Testing, safety, and certification
It’s fair to say Intertek isn’t a name that immediately stands out on the UK’s premier index among its illustrious and prestigious incumbents. Nevertheless, a lack of fanfare or brand recognition doesn’t make the testing and safety business any less of an intriguing investment prospect.
Intertek shares have had a fantastic 12-month period. They’re up 24% from 4,061p at this time last year, to current levels of 5,060p.
The bull case
I reckon Intertek possesses defensive attributes. This is because of the essential nature of the work it does. Think of all the consumer products we use on a day-to-day basis, including the laptop I’m typing on, to the desk it’s sitting on. Everything needs to be tested to regulatory standards, and signed off with the relevant certification. This is Intertek’s bread and butter, and it’s made a good business out of it.
Next, Intertek’s not only made a name for itself, but it’s become a world leader in this field. It currently operates approximately 300 laboratories across the world. Plus, results speak for themselves as the business has an excellent track record of performance. However, I do understand the past isn’t a guarantee of the future.
Looking to the future, there’s great growth potential for Intertek as the world continues to grow, and day-to-day living evolves. This simply means there’s more products available, and more for Intertek to test and make money from. Hopefully it’ll continue returning this to its shareholders.
Speaking of returns, a dividend yield of 2.5% is decent at present. Plus, I can see this growing. However, I do understand that dividends are never guaranteed.
Finally, the shares actually look decent value for money despite a market-leading position, and established name and track record. They currently trade on a price-to-earnings ratio of 19. This is no value stock, but, I think this looks like a fair price for an established business with growth prospects and defensive traits.
Risks and final thoughts
From a bearish view, a significant risk that applies to most industries and firms, and not only Intertek, is economic turbulence. A slowdown could halt Intertek’s growth aspirations and could even dent performance and returns.

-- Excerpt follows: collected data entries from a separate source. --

lemma poly_y_const: "poly_y [:c:] = const_rf [:c:]"
  by (simp add: poly_y_pCons const_rf_conv_to_fract)

lemma poly_y_x: "poly_y [:0, 1:] = [:0, 1:]"
  by (simp add: poly_y_pCons poly_y_1 pCons_one)

lemma poly_y_monom: "poly_y (monom 1 n) = monom 1 n"
  by (simp add: poly_y_def map_poly_monom pCons_one)

lemma poly_y_sum: "poly_y (\<Sum>i\<in>A. f i) = (\<Sum>i\<in>A. poly_y (f i))"
  by (induction A rule: infinite_finite_induct) (simp_all add: poly_y_add)

lemma reflect_poly_poly_y: "reflect_poly (poly_y p) = poly_y (reflect_poly p)"
  by (rule poly_eqI) (simp add: coeff_reflect_poly coeff_poly_y degree_poly_y)

lemma poly_poly_y_rf_x: "poly (poly_y p) rf_x = to_fract p"
proof (induction p)
  case (pCons c p)
  have "pCons c p = [:c:] + [:0, 1:] * p" by simp
  then have "to_fract (pCons c p) = to_fract [:c:] + rf_x * to_fract p"
    by (metis to_fract_add to_fract_mult)
  with pCons.IH show ?case by (simp add: poly_y_pCons)
qed (simp add: poly_y_def)

lemma pcompose_poly_y_x: "pcompose (poly_y p) (const_rf [:0, 1:]) = const_rf p"
  by (simp add: const_rf_conv_to_fract pcompose_pCons_0 poly_poly_y_rf_x)

lemma pcompose_poly_y_const: "pcompose (poly_y [:c:]) A = const_rf [:c:]"
  by (simp add: poly_y_const const_rf_def)
(* Let $T$ be a complete o-minimal theory expanding the theory of real closed ordered fields. Let $(\mathbb{U},\mathcal{O}')\models T_{\mathrm{convex}}$, let $\mathbb{E}\preceq\mathbb{E}_1\prec\mathbb{U}$ with $\mathbb{E}\not\subseteq\mathcal{O}'$, and let $x\in\mathbb{U}\setminus\mathbb{E}$. Set $\mathcal{O}:=\mathcal{O}'\cap\mathbb{E}$ and $\mathcal{O}_1:=\mathcal{O}'\cap\mathbb{E}_1$. Suppose that no element of $\mathbb{E}_1$ realizes $\mathrm{tp}(x/\mathbb{E})$ (the type in the sense of $T$). Then $x$ is weakly immediate over $(\mathbb{E},\mathcal{O})$ if and only if it is weakly immediate over $(\mathbb{E}_1,\mathcal{O}_1)$. If this is the case, then $\mathrm{tp}(x/(\mathbb{E},\mathcal{O}))$ and $\mathrm{tp}(x/(\mathbb{E}_1,\mathcal{O}_1))$ have the same cofinality.
   Context: $T_{\mathrm{convex}}$ is the theory of pairs $(\mathbb{U},\mathcal{O}')$ with $\mathbb{U}\models T$ and $\mathcal{O}'\ne\mathbb{U}$ a convex subring closed under all continuous $\emptyset$-definable functions. For $\mathbb{F}\preceq\mathbb{U}$, $x$ is weakly immediate over $(\mathbb{F},\mathcal{O}'\cap\mathbb{F})$ if $\{\mathrm{val}_{\mathcal{O}'}(x-c):c\in\mathbb{F}\}$ has no maximum; the cofinality of its type is the cofinality of this ordered set. *)

theory Defs
  imports "HOL-Computational_Algebra.Polynomial" "HOL-Library.Equipollence"
begin

text \<open>Terms and formulas over a signature with function symbols 'f and relation
symbols 'r (each symbol may be used at any arity; its interpretation is a function
on lists). Variables are natural numbers.\<close>

datatype 'f trm = Var nat | Fn 'f "'f trm list"

datatype ('f, 'r) fm =
    Eq "'f trm" "'f trm"
  | Rel 'r "'f trm list"
  | Neg "('f, 'r) fm"
  | Conj "('f, 'r) fm" "('f, 'r) fm"
  | Ex nat "('f, 'r) fm"

fun evt :: "('f \<Rightarrow> 'a list \<Rightarrow> 'a) \<Rightarrow> (nat \<Rightarrow> 'a) \<Rightarrow> 'f trm \<Rightarrow> 'a" where
  "evt F \<sigma> (Var n) = \<sigma> n"
| "evt F \<sigma> (Fn f ts) = F f (map (evt F \<sigma>) ts)"

fun sat :: "'a set \<Rightarrow> ('f \<Rightarrow> 'a list \<Rightarrow> 'a) \<Rightarrow> ('r \<Rightarrow> 'a list \<Rightarrow> bool)
             \<Rightarrow> ('f, 'r) fm \<Rightarrow> (nat \<Rightarrow> 'a) \<Rightarrow> bool" where
  "sat D F R (Eq s t) \<sigma> = (evt F \<sigma> s = evt F \<sigma> t)"
| "sat D F R (Rel r ts) \<sigma> = R r (map (evt F \<sigma>) ts)"
| "sat D F R (Neg \<phi>) \<sigma> = (\<not> sat D F R \<phi> \<sigma>)"
| "sat D F R (Conj \<phi> \<psi>) \<sigma> = (sat D F R \<phi> \<sigma> \<and> sat D F R \<psi> \<sigma>)"
| "sat D F R (Ex n \<phi>) \<sigma> = (\<exists>a\<in>D. sat D F R \<phi> (\<sigma>(n := a)))"
(* If a finite poset $P$ contains an articulation point, i.e., a point $x\in P$ comparable with every other point of $P$, then $P$ is an $\exists$-game.
   Context: A finite poset $P$ defines a poset game: two players alternate moves; a move consists of choosing a point $x$ of the current poset $Q$ and replacing $Q$ by $Q_x:=\{y\in Q: x\not\le y\}$ (i.e., removing $x$ and every point above it); the first player unable to move (because the poset is empty) loses. $P$ is an $\exists$-game if the player who moves first has a winning strategy, and a $\forall$-game otherwise. *)

theory Defs
  imports Main
begin

definition partial_order_rel :: "'a set \<Rightarrow> ('a \<Rightarrow> 'a \<Rightarrow> bool) \<Rightarrow> bool" where
  "partial_order_rel P le \<longleftrightarrow>
     (\<forall>x\<in>P. le x x) \<and>
     (\<forall>x\<in>P. \<forall>y\<in>P. le x y \<and> le y x \<longrightarrow> x = y) \<and>
     (\<forall>x\<in>P. \<forall>y\<in>P. \<forall>z\<in>P. le x y \<and> le y z \<longrightarrow> le x z)"

definition poset_move :: "('a \<Rightarrow> 'a \<Rightarrow> bool) \<Rightarrow> 'a set \<Rightarrow> 'a \<Rightarrow> 'a set" where
  "poset_move le Q x = {y \<in> Q. \<not> le x y}"

text \<open>first_wins: the player to move has a winning strategy (exists-game);
first_loses: the player to move loses (forall-game).  For finite Q exactly one holds.\<close>
inductive first_wins and first_loses for le :: "'a \<Rightarrow> 'a \<Rightarrow> bool" where
  win: "x \<in> Q \<Longrightarrow> first_loses le (poset_move le Q x) \<Longrightarrow> first_wins le Q"
| lose: "(\<forall>x. x \<in> Q \<longrightarrow> first_wins le (poset_move le Q x)) \<Longrightarrow> first_loses le Q"

definition exists_game :: "'a set \<Rightarrow> ('a \<Rightarrow> 'a \<Rightarrow> bool) \<Rightarrow> bool" where
  "exists_game P le \<longleftrightarrow> first_wins le P"

end

theory Submission
  imports Defs
begin

text \<open>Strategy stealing. Moving at the articulation point x leaves exactly the points strictly
below x. If that position is lost for the player to move, x is a winning first move. Otherwise
it has a winning move y < x; since everything above x is also above y, moving at y in x's
position leaves the same poset as moving at y in the whole of P, so y is a winning first move
in P as well.\<close>

lemma poset_move_subset: "poset_move le Q x \<subseteq> Q"
  by (auto simp: poset_move_def)

lemma card_poset_move_less:
  assumes "finite Q" "x \<in> Q" "le x x"
  shows "card (poset_move le Q x) < card Q"
proof -
  have "x \<notin> poset_move le Q x" using assms(3) by (simp add: poset_move_def)
  with assms(1,2) show ?thesis
    by (metis poset_move_subset psubsetI psubset_card_mono)
qed

lemma first_wins_iff:
  "first_wins le Q \<longleftrightarrow> (\<exists>x\<in>Q. first_loses le (poset_move le Q x))"
  by (auto intro: first_wins_first_loses.win elim: first_wins.cases)

lemma first_wins_or_first_loses:
  assumes "finite Q" "\<forall>x\<in>Q. le x x"
  shows "first_wins le Q \<or> first_loses le Q"
  using assms
proof (induction "card Q" arbitrary: Q rule: less_induct)
  case less
  show ?case
  proof (cases "\<exists>x\<in>Q. first_loses le (poset_move le Q x)")
    case True
    then show ?thesis by (simp add: first_wins_iff)
  next
    case False
    have "first_wins le (poset_move le Q x)" if x: "x \<in> Q" for x
    proof -
      have "card (poset_move le Q x) < card Q"
        using less.prems x by (simp add: card_poset_move_less)
      moreover have "finite (poset_move le Q x)"
        using less.prems(1) poset_move_subset by (rule finite_subset[rotated])
      moreover have "\<forall>y\<in>poset_move le Q x. le y y"
        using less.prems(2) by (simp add: poset_move_def)
      ultimately have "first_wins le (poset_move le Q x) \<or> first_loses le (poset_move le Q x)"
        by (rule less.hyps)
      with False x show ?thesis by blast
    qed
    then show ?thesis by (simp add: first_wins_first_loses.lose)
  qed
qed

lemma poset_move_poset_move_below:
  assumes "\<forall>a\<in>Q. \<forall>b\<in>Q. \<forall>c\<in>Q. le a b \<and> le b c \<longrightarrow> le a c"
    and "x \<in> Q" "y \<in> Q" "le y x"
  shows "poset_move le (poset_move le Q x) y = poset_move le Q y"
  using assms unfolding poset_move_def by blast

lemma first_wins_by_strategy_stealing:
  assumes "finite Q" "\<forall>z\<in>Q. le z z" "x \<in> Q"
    and absorb: "\<And>y. y \<in> poset_move le Q x \<Longrightarrow>
      poset_move le (poset_move le Q x) y = poset_move le Q y"
  shows "first_wins le Q"
proof (cases "first_loses le (poset_move le Q x)")
  case True
  with \<open>x \<in> Q\<close> show ?thesis by (auto simp: first_wins_iff)
next
  case False
  moreover have "finite (poset_move le Q x)"
    using assms(1) poset_move_subset by (rule finite_subset[rotated])
  moreover have "\<forall>z\<in>poset_move le Q x. le z z"
    using assms(2) by (simp add: poset_move_def)
  ultimately have "first_wins le (poset_move le Q x)"
    using first_wins_or_first_loses by blast
  then obtain y where y: "y \<in> poset_move le Q x"
    and "first_loses le (poset_move le (poset_move le Q x) y)"
    by (auto simp: first_wins_iff)
  with absorb[OF y] have "first_loses le (poset_move le Q y)" by simp
  moreover have "y \<in> Q" using y by (simp add: poset_move_def)
  ultimately show ?thesis by (auto simp: first_wins_iff)
qed

theorem mainTheorem2:
  fixes P :: "'a set" and le :: "'a \<Rightarrow> 'a \<Rightarrow> bool" and x :: 'a
  assumes "finite P"
    and "partial_order_rel P le"
    and "x \<in> P"
    and "\<forall>y\<in>P. y \<noteq> x \<longrightarrow> le x y \<or> le y x"
  shows "exists_game P le"
proof -
  have refl: "\<forall>y\<in>P. le y y"
    and trans: "\<forall>a\<in>P. \<forall>b\<in>P. \<forall>c\<in>P. le a b \<and> le b c \<longrightarrow> le a c"
    using assms(2) unfolding partial_order_rel_def by blast+
  have absorb: "poset_move le (poset_move le P x) y = poset_move le P y"
    if y: "y \<in> poset_move le P x" for y
  proof -
    have "y \<in> P" "\<not> le x y" using y by (auto simp: poset_move_def)
    moreover have "y \<noteq> x" using \<open>\<not> le x y\<close> refl assms(3) by blast
    ultimately have "le y x" using assms(4) by blast
    with \<open>y \<in> P\<close> show ?thesis
      by (rule poset_move_poset_move_below[OF trans assms(3)])
  qed
  have "first_wins le P"
    using assms(1) refl assms(3) absorb by (rule first_wins_by_strategy_stealing)
  then show ?thesis by (simp add: exists_game_def)
qed

end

Economic issues in China – one of the world’s largest hubs for new consumer products – is a prime example of this risk, and something I’ll keep an eye on. Another example of this occurred when the pandemic struck, and the business was impacted for a short period.
Overall I’m buoyed by Intertek as an established business with a good track record and attractive fundamentals. Furthermore, exciting growth prospects mean now could be a great time for me to buy shares at a decent entry point.